However, factories in Mumbai, Ahmedabad, Chennai, Delhi and Banglaore are still limited to 50% occupancy, according to one Chennai-based forwarder.
He told The Loadstar: “Many exporters are expecting production delays of at least a month, leaving end customers no choice but to eventually uplift their goods only by airfreight to meet Christmas and new year sales – a major setback due to the added costs.”
Indeed, airfreight rates from the major export hubs of Bangalore, Mumbai, Delhi and Kolkata have all seen significant increases for the US market, he said, with rates of $6.5-$7 per kg, depending on the carrier.
“There is a challenge with space to the US which resulted in a spike in prices, and many shippers have have reported airfreight costs are now higher than product costs,” he added.
Rates to the UK are $3.2-$3.5 per kg, the forwarder said, also an uptick compared with EU prices of $3-$3.2 per kg.
“The UK market is currently experiencing a significant increase compared to EU markets, following Brexit, as customers feel moving shipments via EU gateways would cause delays in it reaching the UK,” he noted.
Meanwhile, container shortages and the glut of cargo out of China is continuing to put a drag on India’s sea freight market.
The forwarder said the ports of Nhava Sheva, Mundra, Tuticorin, Chennai, Kattupalli, Cochin and Ennore were still facing a “crisis” of equipment and space, with carriers restricting bookings on every major tradelane.

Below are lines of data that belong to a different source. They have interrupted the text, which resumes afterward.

text \<open>Inductive step of the construction of a dual system: the functional dual to the
  new operator T m is found on the part of T m independent of T 0, ..., T (m-1).\<close>

lemma indep_ops_extend_dual:
  fixes T :: "nat \<Rightarrow> 'a \<Rightarrow> 'a::complex_inner"
  assumes ind: "clin_indep_ops (Suc m) T"
    and P: "\<And>i j. i < m \<Longrightarrow> j < m \<Longrightarrow> pair_functional (P i) (T j) = (if j = i then 1 else 0)"
  shows "\<exists>E. \<forall>j<Suc m. pair_functional E (T j) = (if j = m then 1 else 0)"
proof -
  define a where "a i = (if i < m then - pair_functional (P i) (T m) else 1)" for i
  define T' where "T' h = (\<Sum>i<Suc m. a i *\<^sub>C T i h)" for h
  obtain f where "T' f \<noteq> 0"
  proof (rule ccontr)
    assume "\<not> thesis"
    hence "\<forall>x. T' x = 0" using that by blast
    hence "a m = 0" using ind unfolding clin_indep_ops_def T'_def by blast
    thus False by (simp add: a_def)
  qed
  then obtain q where q: "pair_functional q T' = 1" using pair_functional_eq_1[of T'] by blast
  obtain p where p: "\<forall>X. pair_functional p X = (\<Sum>i<m. (- pair_functional q (T i)) * pair_functional (P i) X)"
    using pair_functional_lincomb[where m=m and a="\<lambda>i. - pair_functional q (T i)" and qs=P] by blast
  have "pair_functional (q @ p) (T j) = (if j = m then 1 else 0)" if j: "j < Suc m" for j
  proof (cases "j = m")
    case True
    have "pair_functional q T' = (\<Sum>i<Suc m. a i * pair_functional q (T i))"
      unfolding T'_def by (rule pair_functional_lincomb_op)
    also have "\<dots> = pair_functional q (T m) + (\<Sum>i<m. (- pair_functional (P i) (T m)) * pair_functional q (T i))"
      by (simp add: a_def)
    finally have "pair_functional q (T m) +
        (\<Sum>i<m. (- pair_functional q (T i)) * pair_functional (P i) (T m)) = 1"
      using q by (simp add: mult.commute)
    thus ?thesis using True by (simp add: pair_functional_append p)
  next
    case False
    hence jm: "j < m" using j by simp
    have "(\<Sum>i<m. (- pair_functional q (T i)) * pair_functional (P i) (T j)) =
        (\<Sum>i<m. if i = j then - pair_functional q (T j) else 0)"
      by (intro sum.cong refl) (simp add: P jm)
    also have "\<dots> = - pair_functional q (T j)" using jm by simp
    finally have "(\<Sum>i<m. (- pair_functional q (T i)) * pair_functional (P i) (T j)) = - pair_functional q (T j)" .
    thus ?thesis using False by (simp add: pair_functional_append p)
  qed
  thus ?thesis by blast
qed
lemma no_branching_ray_eq:
  assumes "\<And>c. \<not> branch_point adj c" "is_ray V adj r" "is_ray V adj s" "r 0 = s 0" "r 1 = s 1"
  shows "r = s"
proof
  fix i
  show "r i = s i"
    by (rule no_branching_walk_eq[OF assms(1) ray_walk[OF assms(2)] ray_non_backtracking[OF assms(2)]
          ray_walk[OF assms(3)] ray_non_backtracking[OF assms(3)]]) (use assms in auto)
qed

lemma no_branching_cofinal_cases_from:
  assumes no_branch: "\<And>c. \<not> branch_point adj c"
    and r: "is_ray V adj r" and s: "is_ray V adj s" and rs: "r 0 = s 0" "r 1 \<noteq> s 1"
    and \<nu>: "is_ray V adj \<nu>" "\<nu> 0 = r n"
  shows "cofinal \<nu> r \<or> cofinal \<nu> s"
proof -
  \<comment> \<open>the two neighbours of \<open>r n\<close> lead along \<open>r\<close>, and back along \<open>r\<close> and then along \<open>s\<close>\<close>
  define \<tau> where "\<tau> = walk_append (\<lambda>k. r (n - k)) n s"
  have \<tau>: "is_ray V adj \<tau>" unfolding \<tau>_def
    by (rule walk_append_ray[OF walk_rev[OF ray_walk[OF r]] non_backtracking_rev[OF ray_non_backtracking[OF r]] s])
      (use rs in auto)
  have "\<tau> 0 = r n" unfolding \<tau>_def by simp
  have "\<tau> 1 \<noteq> r (Suc n)"
  proof (cases n)
    case 0
    then show ?thesis using rs unfolding \<tau>_def walk_append_def by simp
  next
    case (Suc m)
    moreover have "r m \<noteq> r (m + 2)" using r unfolding is_ray_iff by blast
    ultimately show ?thesis unfolding \<tau>_def walk_append_def by simp
  qed
  moreover have "adj (r n) (\<tau> 1)" "adj (r n) (r (Suc n))" "adj (r n) (\<nu> 1)"
    using ray_adj[OF \<tau>, of 0] ray_adj[OF r, of n] ray_adj[OF \<nu>(1), of 0] \<nu>(2) \<open>\<tau> 0 = r n\<close> by auto
  ultimately have "\<nu> 1 = \<tau> 1 \<or> \<nu> 1 = r (Suc n)" using no_branching_neighbours[OF no_branch] by blast
  then have "\<nu> = \<tau> \<or> \<nu> = (\<lambda>i. r (i + n))"
    using no_branching_ray_eq[OF no_branch \<nu>(1) \<tau>] no_branching_ray_eq[OF no_branch \<nu>(1) ray_shift[OF r]]
      \<nu>(2) \<open>\<tau> 0 = r n\<close> by auto
  then show ?thesis
    using cofinal_walk_append[of _ n s] cofinal_sym[OF cofinal_shift[of r n]] unfolding \<tau>_def by auto
qed

lemma no_branching_on_opposite_rays:
  assumes no_branch: "\<And>c. \<not> branch_point adj c"
    and r: "is_ray V adj r" and s: "is_ray V adj s" and rs: "r 0 = s 0" "r 1 \<noteq> s 1" and "u \<in> V"
  obtains n where "u = r n \<or> u = s n"
proof -
  define n where "n = tdist V adj (r 0) u"
  obtain w where w: "walk V adj w n" "non_backtracking w n" "w 0 = r 0" "w n = u"
    using ray_in_V[OF r] \<open>u \<in> V\<close> unfolding n_def by (rule geodesic_exists)
  show ?thesis
  proof (cases "n = 0")
    case True
    then show ?thesis using that[of 0] w(3,4) by simp
  next
    case False
    have "adj (r 0) (w 1)" "adj (r 0) (r 1)" "adj (r 0) (s 1)"
      using w(1,3) False ray_adj[OF r, of 0] ray_adj[OF s, of 0] rs unfolding walk_def by auto
    then consider "w 1 = r 1" | "w 1 = s 1" using no_branching_neighbours[OF no_branch] rs(2) by blast
    then have "w n = r n \<or> w n = s n"
    proof cases
      case 1
      show ?thesis
        using no_branching_walk_eq[OF no_branch w(1,2) ray_walk[OF r] ray_non_backtracking[OF r] w(3) 1 order_refl]
        by simp
    next
      case 2
      have "w 0 = s 0" using w(3) rs(1) by simp
      then show ?thesis
        using no_branching_walk_eq[OF no_branch w(1,2) ray_walk[OF s] ray_non_backtracking[OF s] _ 2 order_refl]
        by simp
    qed
    then show ?thesis using that w(4) by blast
  qed
qed

lemma no_branching_cofinal_cases:
  assumes no_branch: "\<And>c. \<not> branch_point adj c"
    and r: "is_ray V adj r" and s: "is_ray V adj s" and rs: "r 0 = s 0" "r 1 \<noteq> s 1"
    and \<nu>: "is_ray V adj \<nu>"
  shows "cofinal \<nu> r \<or> cofinal \<nu> s"
proof -
  obtain n where "\<nu> 0 = r n \<or> \<nu> 0 = s n"
    using no_branching_on_opposite_rays[OF no_branch r s rs ray_in_V[OF \<nu>]] by blast
  then show ?thesis
    using no_branching_cofinal_cases_from[OF no_branch r s rs \<nu>]
      no_branching_cofinal_cases_from[OF no_branch s r rs(1)[symmetric] rs(2)[symmetric] \<nu>] by blast
qed

lemma opposite_rays_not_cofinal:
  assumes r: "is_ray V adj r" and s: "is_ray V adj s" and rs: "r 0 = s 0" "r 1 \<noteq> s 1"
  shows "\<not> cofinal r s"
proof
  assume "cofinal r s"
  then obtain k m where "r (1 + k) = s (1 + m)" unfolding cofinal_def by blast
  moreover have "tdist V adj (s (1 + m)) (r (1 + k)) = (1 + m) + (1 + k)"
    using tdist_opposite_rays[OF r s rs] .
  moreover have "tdist V adj (s (1 + m)) (s (1 + m)) = 0" by (rule tdist_self[OF ray_in_V[OF s]])
  ultimately show False by simp
qed

lemma reflected_walk_fixes_vertex_or_inverts_edge:
  assumes f: "is_automorphism V adj f" and W: "walk V adj W N" and "M \<le> 2 * N"
    and reflect: "\<And>j. j \<le> N \<Longrightarrow> j \<le> M \<Longrightarrow> M - j \<le> N \<Longrightarrow> f (W j) = W (M - j)"
  shows "(\<exists>v\<in>V. f v = v) \<or> (\<exists>u v. adj u v \<and> f u = v \<and> f v = u)"
proof (cases "even M")
  case True
  then have "M - M div 2 = M div 2" "M div 2 \<le> N" using assms(3) by auto
  then have "f (W (M div 2)) = W (M div 2)" "W (M div 2) \<in> V"
    using reflect[of "M div 2"] W unfolding walk_def by auto
  then show ?thesis by blast
next
  case False
  define t where "t = M div 2"
  have t: "M - t = Suc t" "M - Suc t = t" "Suc t \<le> N" "Suc t \<le> M"
    using False assms(3) odd_two_times_div_two_succ[OF False] unfolding t_def by arith+
  then have "f (W t) = W (Suc t)" "f (W (Suc t)) = W t" "adj (W t) (W (Suc t))"
    using reflect[of t] reflect[of "Suc t"] W unfolding walk_def by auto
  then show ?thesis by blast
qed

lemma hyperbolic_aut: "hyperbolic V adj h \<Longrightarrow> is_automorphism V adj h"
  unfolding hyperbolic_def by auto

lemma hyperbolic_no_fixed_vertex_or_inverted_edge:
  "hyperbolic V adj h \<Longrightarrow> \<not> ((\<exists>v\<in>V. h v = v) \<or> (\<exists>u v. adj u v \<and> h u = v \<and> h v = u))"
  unfolding hyperbolic_def using adj_in_V by blast

lemma hyperbolic_not_swapping_opposite_ends:
  assumes h: "hyperbolic V adj h" and r: "is_ray V adj r" and s: "is_ray V adj s"
    and rs: "r 0 = s 0" "r 1 \<noteq> s 1" and rh: "cofinal (h \<circ> r) s" and sh: "cofinal (h \<circ> s) r"
  shows False
proof -
  have f: "is_automorphism V adj h" using hyperbolic_aut[OF h] .
  obtain k m where km: "\<forall>i. h (r (i + k)) = s (i + m)" using rh unfolding cofinal_def by auto
  obtain k' m' where km': "\<forall>i. h (s (i + k')) = r (i + m')" using sh unfolding cofinal_def by auto
  define K where "K = k + k'"
  define A where "A = k + m'"
  define B where "B = k' + m"
  have hrK: "h (r K) = s B" using km[rule_format, of k'] unfolding K_def B_def by (simp add: ac_simps)
  have hsK: "h (s K) = r A" using km'[rule_format, of k] unfolding K_def A_def by (simp add: ac_simps)
  have sr: "s 0 = r 0" "s 1 \<noteq> r 1" using rs by auto
  have AB: "A + B = K + K"
  proof -
    have "K + K = tdist V adj (s K) (r K)" using tdist_opposite_rays[OF r s rs] by simp
    also have "\<dots> = tdist V adj (h (s K)) (h (r K))"
      using aut_tdist[OF f ray_in_V[OF s] ray_in_V[OF r]] by simp
    also have "\<dots> = A + B" using hrK hsK tdist_opposite_rays[OF s r sr] by simp
    finally show ?thesis by simp
  qed
  \<comment> \<open>\<open>h\<close> maps the segment of the line from \<open>s K\<close> to \<open>r K\<close> onto the one from \<open>r A\<close> to \<open>s B\<close>,
    reversing its direction\<close>
  define W where "W = walk_append (\<lambda>j. s (K - j)) K r"
  define W' where "W' = walk_append (\<lambda>j. r (A - j)) A s"
  have L: "walk V adj W (K + K)" "non_backtracking W (K + K)" "W 0 = s K" "W (K + K) = r K"
    using opposite_rays_walk[OF r s rs] unfolding W_def by blast+
  have L': "walk V adj W' (A + B)" "non_backtracking W' (A + B)" "W' 0 = r A" "W' (A + B) = s B"
    using opposite_rays_walk[OF s r sr] unfolding W'_def by blast+
  have "W' j = W (K + A - j)" if "j \<le> K + A" for j
    using that rs unfolding W_def W'_def walk_append_def by auto
  moreover have "h (W j) = W' j" if "j \<le> K + K" for j
    using non_backtracking_walk_eq[OF aut_walk[OF f L(1)] aut_non_backtracking[OF f L(1,2)] _ _ _ _ that]
      L'(1-4) L(3,4) hrK hsK AB by simp
  ultimately have "(\<exists>v\<in>V. h v = v) \<or> (\<exists>u v. adj u v \<and> h u = v \<and> h v = u)"
    using reflected_walk_fixes_vertex_or_inverts_edge[OF f L(1), of "K + A"] AB by simp
  then show False using hyperbolic_no_fixed_vertex_or_inverted_edge[OF h] by blast
qed
lemma reachable_walk_vertex: "is_walk S E w a b \<Longrightarrow> u \<in> set w \<Longrightarrow> reachable S E a u"
  unfolding reachable_def by (metis split_list is_walk_prefix)

lemma reachable_in: "reachable S E x u \<Longrightarrow> x \<in> S \<and> u \<in> S"
  unfolding reachable_def is_walk_def by (metis hd_in_set last_in_set subsetD)

fun count_steps :: "('b \<Rightarrow> 'b \<Rightarrow> bool) \<Rightarrow> 'b list \<Rightarrow> nat" where
  "count_steps P (a # b # r) = (if P a b then 1 else 0) + count_steps P (b # r)"
| "count_steps P _ = 0"

lemma count_steps_append_Cons:
  "count_steps P (pre @ a # r) = count_steps P (pre @ [a]) + count_steps P (a # r)"
  by (induction pre rule: induct_list012) auto

lemma count_steps_append:
  assumes "xs \<noteq> []" "ys \<noteq> []"
  shows "count_steps P (xs @ ys)
    = count_steps P xs + (if P (last xs) (hd ys) then 1 else 0) + count_steps P ys"
proof -
  obtain pre a where "xs = pre @ [a]" using assms(1) by (cases xs rule: rev_cases) auto
  moreover obtain b r where "ys = b # r" using assms(2) by (cases ys) auto
  ultimately show ?thesis using count_steps_append_Cons[of P pre a ys] by simp
qed

lemma count_steps_eq_0:
  "(\<And>a b. a \<in> set xs \<Longrightarrow> b \<in> set xs \<Longrightarrow> \<not> P a b) \<Longrightarrow> count_steps P xs = 0"
  by (induction P xs rule: count_steps.induct) auto

lemma count_steps_closed_cycle:
  assumes "distinct (A # B # rest)" "rest \<noteq> []"
  shows "count_steps (\<lambda>X Y. {X, Y} = {A, B}) (A # B # rest @ [A]) = 1"
proof -
  obtain r rest' where rest: "rest = r # rest'" using assms(2) by (cases rest) auto
  have "count_steps (\<lambda>X Y. {X, Y} = {A, B}) (rest @ [A]) = 0"
    using assms(1) by (intro count_steps_eq_0) (auto simp: doubleton_eq_iff)
  then show ?thesis using assms(1) rest by (auto simp: doubleton_eq_iff)
qed

lemma even_indicator_degenerate_triangle:
  assumes "A \<noteq> B" "X = Y \<or> Y = Z \<or> X = Z"
  shows "even ((if {X, Y} = {A, B} then 1 else 0) + (if {Y, Z} = {A, B} then 1 else 0) + (k::nat))
     \<longleftrightarrow> even ((if {X, Z} = {A, B} then 1 else 0) + k)"
  using assms by (auto simp: doubleton_eq_iff)

lemma even_count_steps_elem_reduction:
  fixes f :: "'a \<Rightarrow> 'b"
  assumes AB: "A \<noteq> B" and loop: "is_loop V E xs" and red: "elem_reduction E xs ys"
    and degenerate: "\<And>x y z. x \<in> V \<Longrightarrow> y \<in> V \<Longrightarrow> z \<in> V \<Longrightarrow>
      x = y \<or> E x y \<Longrightarrow> y = z \<or> E y z \<Longrightarrow> x = z \<or> E x z \<Longrightarrow>
      f x = f y \<or> f y = f z \<or> f x = f z"
  shows "even (count_steps (\<lambda>a b. {f a, f b} = {A, B}) xs)
    \<longleftrightarrow> even (count_steps (\<lambda>a b. {f a, f b} = {A, B}) ys)"
proof -
  let ?P = "\<lambda>a b. {f a, f b} = {A, B}"
  obtain i where i: "Suc i < length xs" and ys: "ys = take i xs @ drop (Suc i) xs"
    and cond: "xs ! i = xs ! Suc i \<or>
      (0 < i \<and> (xs ! (i - 1) = xs ! Suc i \<or> E (xs ! (i - 1)) (xs ! Suc i)))"
    using red unfolding elem_reduction_def by blast
  define a b post where "a = xs ! i" and "b = xs ! Suc i" and "post = drop (Suc (Suc i)) xs"
  have drop: "drop i xs = a # b # post"
    unfolding a_def b_def post_def using i by (simp add: Cons_nth_drop_Suc)
  then have xs: "xs = take i xs @ a # b # post" by (metis append_take_drop_id)
  have "drop (Suc i) xs = b # post"
    unfolding b_def post_def using i by (simp add: Cons_nth_drop_Suc)
  then have ys': "ys = take i xs @ b # post" using ys by simp
  show ?thesis
  proof (cases "a = b")
    case True
    then show ?thesis
      using count_steps_append_Cons[of ?P "take i xs" a "b # post"]
        count_steps_append_Cons[of ?P "take i xs" b post] xs ys' AB
      by auto
  next
    case False
    define p pre where "p = xs ! (i - 1)" and "pre = take (i - 1) xs"
    have i0: "0 < i" and pb: "p = b \<or> E p b"
      using cond False unfolding a_def b_def p_def by auto
    have "take i xs = pre @ [p]" unfolding pre_def p_def using i i0
      by (metis Suc_diff_1 Suc_lessD less_trans_Suc take_Suc_conv_app_nth lessI)
    then have xs2: "xs = pre @ p # a # b # post" and ys2: "ys = pre @ p # b # post"
      using xs ys' by simp_all
    have "successively (\<lambda>a b. a = b \<or> E a b) (pre @ p # a # b # post)"
      using loop xs2 unfolding is_loop_def by simp
    then have pa: "p = a \<or> E p a" and ab: "a = b \<or> E a b"
      by (auto simp: successively_append_iff)
    have "p \<in> V" "a \<in> V" "b \<in> V" using loop xs2 unfolding is_loop_def by auto
    then have "f p = f a \<or> f a = f b \<or> f p = f b" using degenerate pa ab pb by blast
    from even_indicator_degenerate_triangle[OF AB this, of "count_steps ?P (b # post)"]
    have "even (count_steps ?P (pre @ [p]) + count_steps ?P (p # a # b # post))
      \<longleftrightarrow> even (count_steps ?P (pre @ [p]) + count_steps ?P (p # b # post))"
      by (simp only: count_steps.simps even_add) blast
    then show ?thesis
      unfolding xs2 ys2 count_steps_append_Cons[of ?P pre p "a # b # post"]
        count_steps_append_Cons[of ?P pre p "b # post"] .
  qed
qed

lemma even_count_steps_homotopic:
  fixes f :: "'a \<Rightarrow> 'b"
  assumes AB: "A \<noteq> B" and hom: "(elem_homotopy V E)\<^sup>*\<^sup>* xs ys"
    and degenerate: "\<And>x y z. x \<in> V \<Longrightarrow> y \<in> V \<Longrightarrow> z \<in> V \<Longrightarrow>
      x = y \<or> E x y \<Longrightarrow> y = z \<or> E y z \<Longrightarrow> x = z \<or> E x z \<Longrightarrow>
      f x = f y \<or> f y = f z \<or> f x = f z"
  shows "even (count_steps (\<lambda>a b. {f a, f b} = {A, B}) xs)
    \<longleftrightarrow> even (count_steps (\<lambda>a b. {f a, f b} = {A, B}) ys)"
  using hom
proof (induction rule: rtranclp_induct)
  case (step y z)
  have "is_loop V E y" "is_loop V E z" "elem_reduction E y z \<or> elem_reduction E z y"
    using step.hyps(2) unfolding elem_homotopy_def by auto
  then show ?case
    using step.IH even_count_steps_elem_reduction[where V = V and E = E and f = f, OF AB _ _ degenerate]
    by blast
qed simp

locale rooted_connected_graph =
  fixes V :: "'a set" and E :: "'a \<Rightarrow> 'a \<Rightarrow> bool" and v0 :: 'a
  assumes simple: "simple_graph V E" and connected: "connected_graph V E" and root: "v0 \<in> V"
begin

abbreviation level :: "'a \<Rightarrow> nat" where "level v \<equiv> gdist V E v0 v"

lemma edge_sym: "E u v \<Longrightarrow> E v u"
  using simple unfolding simple_graph_def by blast

lemma edge_in_V: "E u v \<Longrightarrow> u \<in> V \<and> v \<in> V"
  using simple unfolding simple_graph_def by blast

lemma shortest_walk:
  assumes "v \<in> V" shows "\<exists>xs. is_walk V E xs v0 v \<and> length xs = Suc (level v)"
proof -
  obtain xs where "is_walk V E xs v0 v"
    using connected assms root unfolding connected_graph_def by blast
  then have "\<exists>n xs. is_walk V E xs v0 v \<and> length xs = Suc n"
    unfolding is_walk_def by (metis Suc_pred length_greater_0_conv)
  from LeastI_ex[OF this] show ?thesis unfolding gdist_def .
qed

lemma level_edge_le:
  assumes "E u v" shows "level v \<le> Suc (level u)"
proof -
  obtain xs where w: "is_walk V E xs v0 u" and l: "length xs = Suc (level u)"
    using shortest_walk edge_in_V[OF assms] by blast
  have "is_walk V E [v] v v" using edge_in_V[OF assms] by (simp add: is_walk_singleton)
  from is_walk_append[OF w this assms] l
  have "\<exists>ys. is_walk V E ys v0 v \<and> length ys = Suc (Suc (level u))" by auto
  then show ?thesis unfolding gdist_def by (rule Least_le)
qed

definition cluster_of :: "'a \<Rightarrow> 'a set" where
  "cluster_of x = {u. reachable (sphere V E v0 (level x)) E x u}"

lemma in_sphere_level: "x \<in> V \<Longrightarrow> x \<in> sphere V E v0 (level x)"
  unfolding sphere_def by simp

lemma clusters_eq_image: "clusters V E v0 = cluster_of ` V"
  unfolding clusters_def cluster_of_def reachable_def sphere_def by auto

lemma cluster_of_self: "x \<in> V \<Longrightarrow> x \<in> cluster_of x"
  unfolding cluster_of_def using reachable_refl[OF in_sphere_level] by blast

lemma in_cluster_ofD: "u \<in> cluster_of x \<Longrightarrow> u \<in> V \<and> level u = level x"
  unfolding cluster_of_def sphere_def using reachable_in by fastforce

lemma cluster_of_eq:
  assumes "u \<in> cluster_of x" shows "cluster_of u = cluster_of x"
proof -
  let ?S = "sphere V E v0 (level x)"
  have xu: "reachable ?S E x u" using assms unfolding cluster_of_def by simp
  then have ux: "reachable ?S E u x" using reachable_sym[where E = E] edge_sym by blast
  have "reachable ?S E u w \<longleftrightarrow> reachable ?S E x w" for w
    using reachable_trans[OF xu] reachable_trans[OF ux] by blast
  then show ?thesis using in_cluster_ofD[OF assms] unfolding cluster_of_def by auto
qed

lemma cluster_of_member: "C \<in> cluster_of ` V \<Longrightarrow> u \<in> C \<Longrightarrow> cluster_of u = C"
  using cluster_of_eq by blast

lemma cluster_of_eq_edge:
  assumes "E x y" "level x = level y" shows "cluster_of x = cluster_of y"
proof -
  have "reachable (sphere V E v0 (level x)) E x y"
    using assms edge_in_V[OF assms(1)] unfolding sphere_def by (intro reachable_edge) auto
  then have "y \<in> cluster_of x" unfolding cluster_of_def by simp
  then show ?thesis by (simp add: cluster_of_eq)
qed

lemma cluster_adj_cluster_of:
  assumes "E x y" "cluster_of x \<noteq> cluster_of y"
  shows "cluster_adj E (cluster_of x) (cluster_of y)"
  using assms edge_in_V cluster_of_self unfolding cluster_adj_def by blast

lemma triangle_cluster_degenerate:
  assumes "x = y \<or> E x y" "y = z \<or> E y z" "x = z \<or> E x z"
  shows "cluster_of x = cluster_of y \<or> cluster_of y = cluster_of z \<or> cluster_of x = cluster_of z"
proof -
  have close: "u = v \<or> E u v \<Longrightarrow> level v \<le> Suc (level u) \<and> level u \<le> Suc (level v)" for u v
    using level_edge_le edge_sym by auto
  have "level x = level y \<or> level y = level z \<or> level x = level z"
    using close[OF assms(1)] close[OF assms(2)] close[OF assms(3)] by linarith
  then show ?thesis using assms cluster_of_eq_edge by metis
qed

lemma cluster_walk_of_walk:
  "is_walk V E w x y \<Longrightarrow>
    \<exists>cs. is_walk (cluster_of ` V) (cluster_adj E) cs (cluster_of x) (cluster_of y)"
proof (induction w arbitrary: x)
  case (Cons a w)
  then have a: "a = x" "a \<in> V" unfolding is_walk_def by auto
  then have single:
      "is_walk (cluster_of ` V) (cluster_adj E) [cluster_of a] (cluster_of x) (cluster_of a)"
    by (simp add: is_walk_singleton)
  show ?case
  proof (cases w)
    case Nil
    then have "y = a" using Cons.prems unfolding is_walk_def by auto
    then show ?thesis using single by blast
  next
    case (Cons b w')
    with Cons.prems have e: "E a b" and "is_walk V E w b y" unfolding is_walk_def by auto
    then obtain cs
      where cs: "is_walk (cluster_of ` V) (cluster_adj E) cs (cluster_of b) (cluster_of y)"
      using Cons.IH by blast
    show ?thesis
    proof (cases "cluster_of a = cluster_of b")
      case True
      then show ?thesis using cs a(1) by auto
    next
      case False
      from is_walk_append[OF single cs cluster_adj_cluster_of[OF e False]] show ?thesis by blast
    qed
  qed
qed (simp add: is_walk_def)

lemma walk_in_cluster:
  assumes "x \<in> V" "y \<in> cluster_of x"
  shows "\<exists>w. is_walk V E w x y \<and> (\<forall>u\<in>set w. cluster_of u = cluster_of x)"
proof -
  obtain w where w: "is_walk (sphere V E v0 (level x)) E w x y"
    using assms(2) unfolding cluster_of_def reachable_def by blast
  have "u \<in> cluster_of x" if "u \<in> set w" for u
    using reachable_walk_vertex[OF w that] unfolding cluster_of_def by simp
  then show ?thesis using is_walk_mono[OF _ w] cluster_of_eq unfolding sphere_def by blast
qed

Again, bookings to the US are the most impacted.
“There is severe space crunch from India to the US west coast and bookings are not available. Plus, rates are going up drastically and most carriers have implemented peak season surcharges,” he explained, noting 40ft rates had increased by $2,000 since last month.
He added: “With the impact and congestion in Singapore, Port Klang, Busan, Valencia and Yantian, average transit times for USWC have increased from 35 to 60 days or more.
“US importers and retailers expecting regular containers into the USWC, have started looking for alternative options of trucking shipments via east coast ports to save on lead time,” he said.